» TASK DETAILS: Return every line from the records below that has the word "section".

» GIVEN DATA:
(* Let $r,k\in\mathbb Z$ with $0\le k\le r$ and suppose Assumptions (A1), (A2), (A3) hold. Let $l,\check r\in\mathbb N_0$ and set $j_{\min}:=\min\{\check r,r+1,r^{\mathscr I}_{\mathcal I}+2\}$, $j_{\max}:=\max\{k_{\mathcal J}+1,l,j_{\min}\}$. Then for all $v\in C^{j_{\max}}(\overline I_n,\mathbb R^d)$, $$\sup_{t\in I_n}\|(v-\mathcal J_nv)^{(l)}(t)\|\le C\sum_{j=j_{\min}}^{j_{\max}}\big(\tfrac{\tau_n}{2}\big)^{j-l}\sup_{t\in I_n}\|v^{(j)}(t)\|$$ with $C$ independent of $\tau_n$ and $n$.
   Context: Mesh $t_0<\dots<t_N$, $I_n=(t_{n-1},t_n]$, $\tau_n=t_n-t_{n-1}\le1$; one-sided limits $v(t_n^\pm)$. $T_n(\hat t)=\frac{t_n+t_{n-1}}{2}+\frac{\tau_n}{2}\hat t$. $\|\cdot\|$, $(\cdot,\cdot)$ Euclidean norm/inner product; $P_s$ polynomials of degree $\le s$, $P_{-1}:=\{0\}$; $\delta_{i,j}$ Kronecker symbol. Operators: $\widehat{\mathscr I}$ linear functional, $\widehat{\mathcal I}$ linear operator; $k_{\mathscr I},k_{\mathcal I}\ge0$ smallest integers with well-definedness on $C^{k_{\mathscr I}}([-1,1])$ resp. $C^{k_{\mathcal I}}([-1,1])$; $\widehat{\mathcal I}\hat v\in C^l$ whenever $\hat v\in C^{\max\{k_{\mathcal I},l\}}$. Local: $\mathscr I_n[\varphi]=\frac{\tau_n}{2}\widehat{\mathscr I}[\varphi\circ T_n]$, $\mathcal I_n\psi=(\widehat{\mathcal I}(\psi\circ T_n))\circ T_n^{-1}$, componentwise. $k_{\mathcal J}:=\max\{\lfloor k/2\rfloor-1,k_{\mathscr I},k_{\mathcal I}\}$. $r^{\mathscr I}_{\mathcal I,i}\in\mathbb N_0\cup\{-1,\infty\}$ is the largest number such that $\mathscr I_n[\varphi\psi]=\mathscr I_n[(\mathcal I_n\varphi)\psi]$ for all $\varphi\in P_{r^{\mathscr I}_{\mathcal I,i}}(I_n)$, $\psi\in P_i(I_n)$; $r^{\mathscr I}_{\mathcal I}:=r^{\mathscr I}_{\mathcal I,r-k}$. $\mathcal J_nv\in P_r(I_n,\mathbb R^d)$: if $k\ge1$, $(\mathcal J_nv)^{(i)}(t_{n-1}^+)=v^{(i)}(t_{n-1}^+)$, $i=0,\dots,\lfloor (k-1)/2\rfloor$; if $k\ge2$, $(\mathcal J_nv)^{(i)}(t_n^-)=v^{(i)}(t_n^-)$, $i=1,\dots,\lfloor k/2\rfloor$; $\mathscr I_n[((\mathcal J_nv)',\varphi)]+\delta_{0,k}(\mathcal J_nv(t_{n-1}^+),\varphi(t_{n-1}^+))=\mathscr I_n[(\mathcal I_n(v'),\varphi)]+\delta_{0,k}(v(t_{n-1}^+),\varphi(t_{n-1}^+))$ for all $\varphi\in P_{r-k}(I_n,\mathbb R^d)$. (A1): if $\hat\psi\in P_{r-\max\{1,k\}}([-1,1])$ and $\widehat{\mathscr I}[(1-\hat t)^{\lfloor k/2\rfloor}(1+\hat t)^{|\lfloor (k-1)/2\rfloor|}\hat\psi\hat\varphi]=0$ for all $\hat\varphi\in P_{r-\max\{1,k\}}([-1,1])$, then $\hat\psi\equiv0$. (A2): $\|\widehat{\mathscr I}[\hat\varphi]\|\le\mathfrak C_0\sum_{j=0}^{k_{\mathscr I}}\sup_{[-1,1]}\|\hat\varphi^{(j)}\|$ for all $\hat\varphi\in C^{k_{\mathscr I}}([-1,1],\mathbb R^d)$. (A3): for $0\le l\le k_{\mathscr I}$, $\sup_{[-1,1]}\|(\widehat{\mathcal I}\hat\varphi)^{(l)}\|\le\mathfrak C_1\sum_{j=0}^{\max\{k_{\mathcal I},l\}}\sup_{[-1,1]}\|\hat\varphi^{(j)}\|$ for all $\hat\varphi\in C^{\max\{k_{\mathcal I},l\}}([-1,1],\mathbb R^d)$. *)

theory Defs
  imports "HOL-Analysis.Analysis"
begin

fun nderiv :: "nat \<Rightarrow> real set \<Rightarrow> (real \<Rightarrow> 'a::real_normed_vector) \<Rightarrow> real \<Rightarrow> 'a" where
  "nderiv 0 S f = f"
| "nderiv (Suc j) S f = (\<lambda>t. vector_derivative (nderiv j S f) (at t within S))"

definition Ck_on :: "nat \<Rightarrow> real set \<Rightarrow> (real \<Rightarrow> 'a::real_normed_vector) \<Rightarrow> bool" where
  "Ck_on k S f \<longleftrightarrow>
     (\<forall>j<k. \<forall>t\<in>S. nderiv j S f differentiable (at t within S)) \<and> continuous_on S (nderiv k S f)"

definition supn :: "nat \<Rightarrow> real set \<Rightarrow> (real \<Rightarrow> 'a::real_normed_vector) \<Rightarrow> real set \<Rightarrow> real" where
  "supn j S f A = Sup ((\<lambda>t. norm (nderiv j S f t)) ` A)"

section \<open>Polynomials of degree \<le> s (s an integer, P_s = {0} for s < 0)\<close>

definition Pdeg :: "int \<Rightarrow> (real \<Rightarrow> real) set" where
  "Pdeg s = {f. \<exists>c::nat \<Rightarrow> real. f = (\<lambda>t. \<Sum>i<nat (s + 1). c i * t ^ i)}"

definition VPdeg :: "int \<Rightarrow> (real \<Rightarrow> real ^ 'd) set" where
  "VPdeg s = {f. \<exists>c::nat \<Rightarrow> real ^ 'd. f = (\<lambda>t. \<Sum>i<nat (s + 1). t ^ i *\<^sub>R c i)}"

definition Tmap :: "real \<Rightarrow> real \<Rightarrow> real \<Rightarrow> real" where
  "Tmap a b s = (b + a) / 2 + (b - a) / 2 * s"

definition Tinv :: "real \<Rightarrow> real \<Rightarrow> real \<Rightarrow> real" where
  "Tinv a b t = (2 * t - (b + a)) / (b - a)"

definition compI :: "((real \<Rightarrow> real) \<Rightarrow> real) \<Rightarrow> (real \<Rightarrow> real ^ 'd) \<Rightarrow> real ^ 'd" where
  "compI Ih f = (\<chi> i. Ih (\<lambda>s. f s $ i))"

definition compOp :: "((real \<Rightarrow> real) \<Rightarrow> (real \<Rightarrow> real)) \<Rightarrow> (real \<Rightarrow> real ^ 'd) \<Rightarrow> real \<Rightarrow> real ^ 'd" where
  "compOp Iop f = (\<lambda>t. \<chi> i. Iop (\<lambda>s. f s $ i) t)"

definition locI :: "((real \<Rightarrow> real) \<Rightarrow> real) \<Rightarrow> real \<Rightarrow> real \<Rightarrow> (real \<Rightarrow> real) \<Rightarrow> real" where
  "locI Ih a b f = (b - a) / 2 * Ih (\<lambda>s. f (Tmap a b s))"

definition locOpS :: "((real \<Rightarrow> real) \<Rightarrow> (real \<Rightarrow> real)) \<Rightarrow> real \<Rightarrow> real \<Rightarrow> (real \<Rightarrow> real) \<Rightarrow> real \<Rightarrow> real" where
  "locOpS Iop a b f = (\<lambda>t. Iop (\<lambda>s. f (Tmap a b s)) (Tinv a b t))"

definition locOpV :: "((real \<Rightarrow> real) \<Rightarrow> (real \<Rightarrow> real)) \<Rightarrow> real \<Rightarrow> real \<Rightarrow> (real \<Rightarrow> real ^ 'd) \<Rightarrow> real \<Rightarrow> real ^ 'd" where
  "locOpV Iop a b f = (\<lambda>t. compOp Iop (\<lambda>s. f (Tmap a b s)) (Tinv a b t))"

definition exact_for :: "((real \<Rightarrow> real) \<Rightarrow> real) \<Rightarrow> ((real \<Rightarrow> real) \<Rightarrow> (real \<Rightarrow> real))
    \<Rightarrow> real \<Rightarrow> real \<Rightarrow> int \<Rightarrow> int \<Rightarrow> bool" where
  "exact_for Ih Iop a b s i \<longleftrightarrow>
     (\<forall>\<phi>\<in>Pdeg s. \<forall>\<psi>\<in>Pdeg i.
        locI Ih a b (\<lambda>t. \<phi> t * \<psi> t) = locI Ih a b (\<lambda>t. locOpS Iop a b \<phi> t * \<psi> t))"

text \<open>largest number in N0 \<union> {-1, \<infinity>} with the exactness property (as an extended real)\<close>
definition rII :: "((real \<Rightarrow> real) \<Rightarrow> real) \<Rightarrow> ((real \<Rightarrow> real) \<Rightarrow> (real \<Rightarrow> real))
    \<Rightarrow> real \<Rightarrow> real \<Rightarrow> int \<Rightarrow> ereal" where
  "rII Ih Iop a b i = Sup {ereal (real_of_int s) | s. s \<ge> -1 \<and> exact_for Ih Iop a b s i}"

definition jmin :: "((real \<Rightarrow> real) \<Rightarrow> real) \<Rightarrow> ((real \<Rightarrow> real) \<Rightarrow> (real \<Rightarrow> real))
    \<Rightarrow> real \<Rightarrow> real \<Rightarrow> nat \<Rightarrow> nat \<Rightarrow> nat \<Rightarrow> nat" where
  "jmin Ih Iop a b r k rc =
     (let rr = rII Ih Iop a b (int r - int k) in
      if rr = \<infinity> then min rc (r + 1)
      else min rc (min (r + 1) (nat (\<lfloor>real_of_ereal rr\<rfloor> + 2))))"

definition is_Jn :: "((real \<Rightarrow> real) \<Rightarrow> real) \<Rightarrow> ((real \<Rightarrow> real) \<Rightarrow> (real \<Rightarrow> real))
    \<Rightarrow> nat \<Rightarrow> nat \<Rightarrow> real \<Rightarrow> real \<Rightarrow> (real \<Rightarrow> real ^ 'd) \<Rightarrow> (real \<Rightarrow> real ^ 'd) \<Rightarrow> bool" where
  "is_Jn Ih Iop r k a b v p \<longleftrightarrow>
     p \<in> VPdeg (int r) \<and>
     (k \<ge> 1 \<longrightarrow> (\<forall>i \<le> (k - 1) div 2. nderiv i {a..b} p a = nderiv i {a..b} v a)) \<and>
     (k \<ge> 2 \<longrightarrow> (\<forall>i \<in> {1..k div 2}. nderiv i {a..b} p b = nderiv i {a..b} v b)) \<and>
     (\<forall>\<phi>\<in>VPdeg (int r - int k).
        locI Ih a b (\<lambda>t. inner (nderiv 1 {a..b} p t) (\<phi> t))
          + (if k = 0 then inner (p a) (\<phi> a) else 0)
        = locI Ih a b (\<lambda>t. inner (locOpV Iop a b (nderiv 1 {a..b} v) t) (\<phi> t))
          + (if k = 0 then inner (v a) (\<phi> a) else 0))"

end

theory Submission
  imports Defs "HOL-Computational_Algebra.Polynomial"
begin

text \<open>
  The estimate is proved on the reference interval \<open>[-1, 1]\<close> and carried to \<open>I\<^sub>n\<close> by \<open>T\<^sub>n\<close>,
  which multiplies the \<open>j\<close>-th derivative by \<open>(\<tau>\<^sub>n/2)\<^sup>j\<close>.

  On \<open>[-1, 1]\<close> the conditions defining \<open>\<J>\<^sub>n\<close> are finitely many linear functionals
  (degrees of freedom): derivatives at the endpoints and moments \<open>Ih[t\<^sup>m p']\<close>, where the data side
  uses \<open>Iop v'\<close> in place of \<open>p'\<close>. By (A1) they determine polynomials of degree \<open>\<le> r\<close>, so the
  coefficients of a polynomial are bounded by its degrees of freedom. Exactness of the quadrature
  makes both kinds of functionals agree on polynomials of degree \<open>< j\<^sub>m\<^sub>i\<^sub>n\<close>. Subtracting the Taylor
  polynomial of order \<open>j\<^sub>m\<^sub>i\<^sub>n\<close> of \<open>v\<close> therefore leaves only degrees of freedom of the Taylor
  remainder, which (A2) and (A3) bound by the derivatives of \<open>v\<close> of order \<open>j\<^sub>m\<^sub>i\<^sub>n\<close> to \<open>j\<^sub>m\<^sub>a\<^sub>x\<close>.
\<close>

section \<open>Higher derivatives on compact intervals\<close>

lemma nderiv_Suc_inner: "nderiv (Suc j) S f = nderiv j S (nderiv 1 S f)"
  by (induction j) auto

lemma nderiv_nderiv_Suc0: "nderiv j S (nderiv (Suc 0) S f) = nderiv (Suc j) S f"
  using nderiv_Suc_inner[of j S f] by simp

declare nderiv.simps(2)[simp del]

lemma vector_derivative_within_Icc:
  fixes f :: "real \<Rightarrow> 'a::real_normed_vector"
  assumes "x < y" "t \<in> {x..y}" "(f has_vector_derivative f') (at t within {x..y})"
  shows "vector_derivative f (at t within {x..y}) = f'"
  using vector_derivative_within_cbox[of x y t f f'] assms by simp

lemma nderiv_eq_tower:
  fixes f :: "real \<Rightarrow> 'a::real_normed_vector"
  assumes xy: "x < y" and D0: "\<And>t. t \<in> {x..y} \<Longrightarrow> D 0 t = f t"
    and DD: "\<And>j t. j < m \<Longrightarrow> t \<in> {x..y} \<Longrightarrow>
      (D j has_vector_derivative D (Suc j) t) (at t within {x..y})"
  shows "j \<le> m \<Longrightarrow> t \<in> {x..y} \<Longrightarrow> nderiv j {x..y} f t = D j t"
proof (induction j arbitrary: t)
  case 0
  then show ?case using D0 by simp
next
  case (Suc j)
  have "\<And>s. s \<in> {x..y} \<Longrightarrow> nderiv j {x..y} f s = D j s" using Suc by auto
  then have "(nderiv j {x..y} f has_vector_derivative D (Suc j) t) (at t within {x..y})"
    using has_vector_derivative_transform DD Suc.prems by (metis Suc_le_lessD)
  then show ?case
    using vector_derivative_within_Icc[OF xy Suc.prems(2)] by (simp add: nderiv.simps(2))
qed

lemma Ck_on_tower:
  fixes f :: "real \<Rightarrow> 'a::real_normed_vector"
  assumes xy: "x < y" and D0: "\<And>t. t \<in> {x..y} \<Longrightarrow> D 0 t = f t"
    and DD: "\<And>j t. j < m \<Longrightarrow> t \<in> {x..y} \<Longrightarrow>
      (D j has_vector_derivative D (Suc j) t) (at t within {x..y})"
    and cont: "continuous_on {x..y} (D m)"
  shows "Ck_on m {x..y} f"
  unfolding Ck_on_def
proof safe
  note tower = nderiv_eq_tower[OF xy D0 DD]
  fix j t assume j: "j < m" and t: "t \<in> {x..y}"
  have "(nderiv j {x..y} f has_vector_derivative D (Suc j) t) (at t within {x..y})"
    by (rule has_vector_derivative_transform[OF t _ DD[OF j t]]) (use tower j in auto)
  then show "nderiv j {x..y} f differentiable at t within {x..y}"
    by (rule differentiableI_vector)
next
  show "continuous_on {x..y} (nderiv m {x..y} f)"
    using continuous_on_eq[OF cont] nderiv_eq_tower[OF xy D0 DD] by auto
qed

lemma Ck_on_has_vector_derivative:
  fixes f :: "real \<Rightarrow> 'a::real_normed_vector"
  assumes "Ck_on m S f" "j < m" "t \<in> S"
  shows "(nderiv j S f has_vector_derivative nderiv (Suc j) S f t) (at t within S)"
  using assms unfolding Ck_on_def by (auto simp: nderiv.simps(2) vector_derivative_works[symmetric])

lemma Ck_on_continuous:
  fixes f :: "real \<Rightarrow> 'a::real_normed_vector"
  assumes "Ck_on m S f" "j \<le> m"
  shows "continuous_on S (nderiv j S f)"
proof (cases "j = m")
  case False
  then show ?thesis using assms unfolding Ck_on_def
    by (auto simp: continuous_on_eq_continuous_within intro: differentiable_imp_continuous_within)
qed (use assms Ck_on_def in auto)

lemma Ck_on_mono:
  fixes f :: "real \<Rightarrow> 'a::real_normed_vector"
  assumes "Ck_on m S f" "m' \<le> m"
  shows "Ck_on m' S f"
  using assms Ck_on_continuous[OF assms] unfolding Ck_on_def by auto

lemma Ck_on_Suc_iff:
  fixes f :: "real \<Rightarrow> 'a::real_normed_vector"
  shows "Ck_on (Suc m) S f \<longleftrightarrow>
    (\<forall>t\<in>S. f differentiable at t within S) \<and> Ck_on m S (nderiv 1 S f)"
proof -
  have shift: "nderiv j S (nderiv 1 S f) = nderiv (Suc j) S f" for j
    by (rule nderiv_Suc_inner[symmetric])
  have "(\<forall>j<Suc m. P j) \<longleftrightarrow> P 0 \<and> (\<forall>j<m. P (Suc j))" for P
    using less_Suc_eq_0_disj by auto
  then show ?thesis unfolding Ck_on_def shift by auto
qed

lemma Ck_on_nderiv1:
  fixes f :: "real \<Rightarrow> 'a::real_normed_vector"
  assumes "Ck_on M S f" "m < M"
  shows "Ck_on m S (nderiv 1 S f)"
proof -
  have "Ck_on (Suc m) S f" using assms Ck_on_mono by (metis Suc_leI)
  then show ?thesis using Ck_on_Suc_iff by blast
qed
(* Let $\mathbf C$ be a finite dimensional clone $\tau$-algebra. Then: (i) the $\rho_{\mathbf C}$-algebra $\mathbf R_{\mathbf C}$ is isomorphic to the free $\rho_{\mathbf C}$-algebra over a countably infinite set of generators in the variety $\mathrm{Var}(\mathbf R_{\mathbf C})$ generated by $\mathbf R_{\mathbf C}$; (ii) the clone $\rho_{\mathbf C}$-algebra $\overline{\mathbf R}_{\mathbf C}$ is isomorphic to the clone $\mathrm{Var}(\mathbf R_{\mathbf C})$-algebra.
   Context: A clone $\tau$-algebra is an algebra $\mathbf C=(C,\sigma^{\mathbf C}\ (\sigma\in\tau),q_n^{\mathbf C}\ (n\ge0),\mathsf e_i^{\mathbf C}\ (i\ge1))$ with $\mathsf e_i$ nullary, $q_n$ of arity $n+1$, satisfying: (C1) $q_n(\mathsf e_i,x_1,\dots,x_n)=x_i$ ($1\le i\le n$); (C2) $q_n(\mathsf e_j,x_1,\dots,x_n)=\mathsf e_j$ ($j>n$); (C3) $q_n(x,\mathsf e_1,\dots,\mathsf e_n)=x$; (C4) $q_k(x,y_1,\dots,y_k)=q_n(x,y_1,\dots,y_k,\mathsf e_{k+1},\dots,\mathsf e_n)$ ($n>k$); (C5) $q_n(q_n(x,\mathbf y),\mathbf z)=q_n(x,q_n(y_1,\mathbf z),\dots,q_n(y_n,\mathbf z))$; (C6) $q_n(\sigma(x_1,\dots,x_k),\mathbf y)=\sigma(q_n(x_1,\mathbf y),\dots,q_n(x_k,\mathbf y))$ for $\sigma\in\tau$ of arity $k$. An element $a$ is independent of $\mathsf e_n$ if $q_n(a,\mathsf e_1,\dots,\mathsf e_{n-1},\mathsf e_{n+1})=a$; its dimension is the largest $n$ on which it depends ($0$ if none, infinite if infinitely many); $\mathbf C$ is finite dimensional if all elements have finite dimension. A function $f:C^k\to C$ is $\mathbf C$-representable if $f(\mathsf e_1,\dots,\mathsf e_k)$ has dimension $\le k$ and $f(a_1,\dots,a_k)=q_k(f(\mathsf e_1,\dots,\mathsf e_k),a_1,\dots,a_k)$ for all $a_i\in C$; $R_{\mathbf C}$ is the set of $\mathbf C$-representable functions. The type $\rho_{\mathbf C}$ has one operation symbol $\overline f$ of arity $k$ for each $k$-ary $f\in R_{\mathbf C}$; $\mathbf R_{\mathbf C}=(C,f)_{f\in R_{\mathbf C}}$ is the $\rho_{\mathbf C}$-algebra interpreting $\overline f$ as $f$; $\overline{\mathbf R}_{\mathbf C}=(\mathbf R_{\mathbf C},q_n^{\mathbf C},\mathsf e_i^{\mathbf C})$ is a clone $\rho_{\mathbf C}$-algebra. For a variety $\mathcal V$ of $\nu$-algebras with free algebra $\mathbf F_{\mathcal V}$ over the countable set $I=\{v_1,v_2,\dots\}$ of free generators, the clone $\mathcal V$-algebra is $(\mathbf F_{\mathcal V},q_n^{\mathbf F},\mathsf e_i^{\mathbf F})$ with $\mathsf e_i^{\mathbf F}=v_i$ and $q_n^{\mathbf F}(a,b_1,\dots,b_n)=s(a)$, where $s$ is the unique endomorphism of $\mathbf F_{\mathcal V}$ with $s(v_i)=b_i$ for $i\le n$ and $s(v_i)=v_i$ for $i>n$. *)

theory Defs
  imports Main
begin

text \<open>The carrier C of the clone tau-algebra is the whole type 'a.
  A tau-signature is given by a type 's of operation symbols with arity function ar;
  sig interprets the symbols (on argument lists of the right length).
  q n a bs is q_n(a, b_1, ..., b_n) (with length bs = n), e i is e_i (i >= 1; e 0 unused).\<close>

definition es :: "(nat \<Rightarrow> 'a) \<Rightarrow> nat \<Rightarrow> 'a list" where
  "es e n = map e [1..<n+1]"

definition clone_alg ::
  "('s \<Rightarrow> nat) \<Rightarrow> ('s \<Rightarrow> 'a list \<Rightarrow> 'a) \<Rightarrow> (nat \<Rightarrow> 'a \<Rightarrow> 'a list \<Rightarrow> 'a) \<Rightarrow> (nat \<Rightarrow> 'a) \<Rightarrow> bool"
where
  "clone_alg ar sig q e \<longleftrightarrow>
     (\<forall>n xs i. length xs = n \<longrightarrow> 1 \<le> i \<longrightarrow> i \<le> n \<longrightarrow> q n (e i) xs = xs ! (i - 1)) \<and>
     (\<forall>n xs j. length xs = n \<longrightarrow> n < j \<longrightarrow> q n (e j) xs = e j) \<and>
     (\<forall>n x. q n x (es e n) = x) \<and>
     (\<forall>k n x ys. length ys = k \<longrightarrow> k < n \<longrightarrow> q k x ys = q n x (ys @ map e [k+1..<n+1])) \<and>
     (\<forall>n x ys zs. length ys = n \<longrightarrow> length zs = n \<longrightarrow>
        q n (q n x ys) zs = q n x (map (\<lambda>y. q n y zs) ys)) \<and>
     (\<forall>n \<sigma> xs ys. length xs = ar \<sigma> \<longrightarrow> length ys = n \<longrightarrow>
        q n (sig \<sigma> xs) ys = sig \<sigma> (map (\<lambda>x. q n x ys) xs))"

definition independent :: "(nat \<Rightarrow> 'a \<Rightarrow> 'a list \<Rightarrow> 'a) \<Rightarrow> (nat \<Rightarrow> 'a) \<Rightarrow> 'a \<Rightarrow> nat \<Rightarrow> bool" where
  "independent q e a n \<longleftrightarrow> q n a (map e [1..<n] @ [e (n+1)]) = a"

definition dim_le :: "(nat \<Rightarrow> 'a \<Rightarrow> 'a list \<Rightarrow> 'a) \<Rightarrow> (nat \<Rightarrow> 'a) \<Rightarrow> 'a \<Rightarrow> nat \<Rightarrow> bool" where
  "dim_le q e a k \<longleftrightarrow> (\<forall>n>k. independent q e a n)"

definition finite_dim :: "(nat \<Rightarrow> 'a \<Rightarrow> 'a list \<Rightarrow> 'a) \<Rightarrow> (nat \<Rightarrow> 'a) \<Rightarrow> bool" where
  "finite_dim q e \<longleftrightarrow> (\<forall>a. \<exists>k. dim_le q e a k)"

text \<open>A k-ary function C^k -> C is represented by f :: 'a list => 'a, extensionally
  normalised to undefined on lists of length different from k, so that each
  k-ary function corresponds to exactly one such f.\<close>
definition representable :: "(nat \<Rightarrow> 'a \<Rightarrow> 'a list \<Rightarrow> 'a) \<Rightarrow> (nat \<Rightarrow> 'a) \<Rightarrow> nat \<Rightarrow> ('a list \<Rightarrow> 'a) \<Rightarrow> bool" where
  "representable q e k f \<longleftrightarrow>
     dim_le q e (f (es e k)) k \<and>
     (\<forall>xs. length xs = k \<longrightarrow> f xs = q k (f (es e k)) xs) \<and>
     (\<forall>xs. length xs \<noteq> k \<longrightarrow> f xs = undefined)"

» COMPLETED EXERCISE:
section \<open>Polynomials of degree \<le> s (s an integer, P_s = {0} for s < 0)\<close>
section \<open>Higher derivatives on compact intervals\<close>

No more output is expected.